Nascer e Crescer v.19 n.3 Porto sep. 2010

 

As mães nem sempre têm boas intenções…

 

Manuel Salgado1

1 Consulta de Reumatologia Pediátrica, HPCoimbra

  

Desde que começámos a especialidade ouvimos repetidamente a frase “As mães quase sempre têm razão”. Quase …

Em Julho de 2009 o “Zacarias” (chamemos-lhe assim), de 9 anos de idade, foi enviado à Consulta de Reumatologia Pediátrica (CRP) do Hospital Pediátrico de Coimbra por olho vermelho crónico, bilateral, refractário à medicação tópica ocular (colírios e pomadas de corticóides e antibióticos) e à medicação oral com prednisolona.

As queixas tinham-se iniciado em Abril de 2007, com blefarite e chalázio bilaterais, resistentes à terapêutica convencional, que exigiu abordagem cirúrgica em ambas as pálpebras superiores. Recidivaram pouco tempo depois. Em Junho de 2007, às manifestações anteriores associou-se hiperémia conjuntival crónica, bilateral, acompanhada de intensa fotofobia. Estas manifestações revelaram-se também refractárias às terapêuticas tópicas.

Em Fevereiro de 2009, numa fase de agravamento, foi-lhe diagnosticada “quera­toconjuntivite bilateral complicada de precipitados subepiteliais com neovascularização corneana”. A biópsia da conjuntiva, realizada em Junho de 2009, revelou “conjuntivite crónica com exuberância de plasmócitos”. No mesmo tempo operatório, foram realizadas injecção subconjuntival com corticóide, em ambos os olhos, que viria a revelar-se também ineficazes. Posteriormente iniciou medicação tópica com ciclosporina que viria a ser interrompida dias depois por intolerância local (intensa fotofobia). A corticoterapia sistémica entretanto iniciada foi igualmente ineficaz.

Em Julho de 2009, numa abordagem conjunta de Oftalmologia e de Reumatologia Pediátricas, e na presunção de se poder tratar de “pênfigo ocular”, associou ciclosporina oral na dose de 3,5 mg/kg/dia.
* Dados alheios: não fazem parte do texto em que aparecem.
(* Let $\chi_1,\dots,\chi_n$ be Bernoulli random variables such that $\sum_{i=1}^n\Pr(\chi_i=1)=1$ and the events $\{\chi_i=1\}$ are mutually exclusive. Let $B_1,\dots,B_n$ be independent Bernoulli random variables with $\Pr(B_i=1)=\Pr(\chi_i=1)$. Let $P$ be a Poisson random variable with parameter $1$ independent of the $\chi_i$. Then for all nonnegative numbers $\alpha_1,\dots,\alpha_n$, $$\sum_{i=1}^n\alpha_i\chi_i\le_{cx}\sum_{i=1}^n\alpha_iB_i\le_{cx}P\sum_{i=1}^n\alpha_i\chi_i .$$
   Context: $X\le_{cx}Y$ means $\mathbb{E}\varphi(X)\le\mathbb{E}\varphi(Y)$ for every convex $\varphi:\mathbb{R}\to\mathbb{R}$ for which both expectations exist. *)

theory Defs
  imports "HOL-Probability.Probability"
begin

text \<open>Convex order: X (on probability space M) is below Y (on probability space N)
  in the convex order if E phi(X) <= E phi(Y) for every convex phi : R -> R
  for which both expectations exist (read as: both phi o X and phi o Y integrable).\<close>
definition cx_le :: "'a measure \<Rightarrow> ('a \<Rightarrow> real) \<Rightarrow> 'b measure \<Rightarrow> ('b \<Rightarrow> real) \<Rightarrow> bool" where
  "cx_le M X N Y \<longleftrightarrow>
     (\<forall>\<phi> :: real \<Rightarrow> real. convex_on UNIV \<phi> \<longrightarrow>
        integrable M (\<lambda>x. \<phi> (X x)) \<longrightarrow> integrable N (\<lambda>y. \<phi> (Y y)) \<longrightarrow>
        (\<integral>x. \<phi> (X x) \<partial>M) \<le> (\<integral>y. \<phi> (Y y) \<partial>N))"

end

theory Submission
  imports Defs
begin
Finalmente assistiu-se a uma progressiva melhoria clínica, mantendo contudo a blefarite crónica e algum grau de hiperémia ocular e de fotofobia.

Estávamos neste impasse, sem um diagnóstico preciso e sem uma melhoria sustentada…

Em Janeiro de 2010, um dos novos doentes enviados à CRP apresentou manifestações clínicas em tudo sobreponíveis às do “Zacarias”.

 A “Epifânia” (nome igualmente suposto), também com 9 anos de idade, foi referenciada à CRP por queratoconjuntivite crónica, com 15 meses de evolução, com uma evolução crónica com agudizações frequentes e refractária à medicações tópicas instituídas. Nas fases de agravamento apresentava hiperémia ocular, geralmente sem exsudado, intensa fotofobia e já compromisso da acuidade visual (“visão a 20% no olho direito”). A hiperémia ocular e a fotofobia melhoravam sob corticoterapia tópica, para recorrerem de imediato após a sua suspensão. Desde o segundo ano de vida que sofria de hordeólos e chalázios recorrentes.

Pela cronicidade e gravidade das queixas, a criança foi sujeita a uma extensa “peregrinação médica”, com recurso a múltiplas urgências, múltiplas e diferentes consultas em oftalmologistas - “13 diferentes” (sic) -, pediatras (“vários”), clínicos gerais e um reumatologista, num total de “mais de trinta médicos diferentes” (sic).

Em Janeiro de 2010, na observação conjunta (Reumatologia e Oftalmologia) constatámos blefarite bilateral, hiperémia conjuntival bilateral, bulbar e tarsal, telangiectasias na margem palpebral, queratite com leucoma e neovascularização inferior da córnea direita.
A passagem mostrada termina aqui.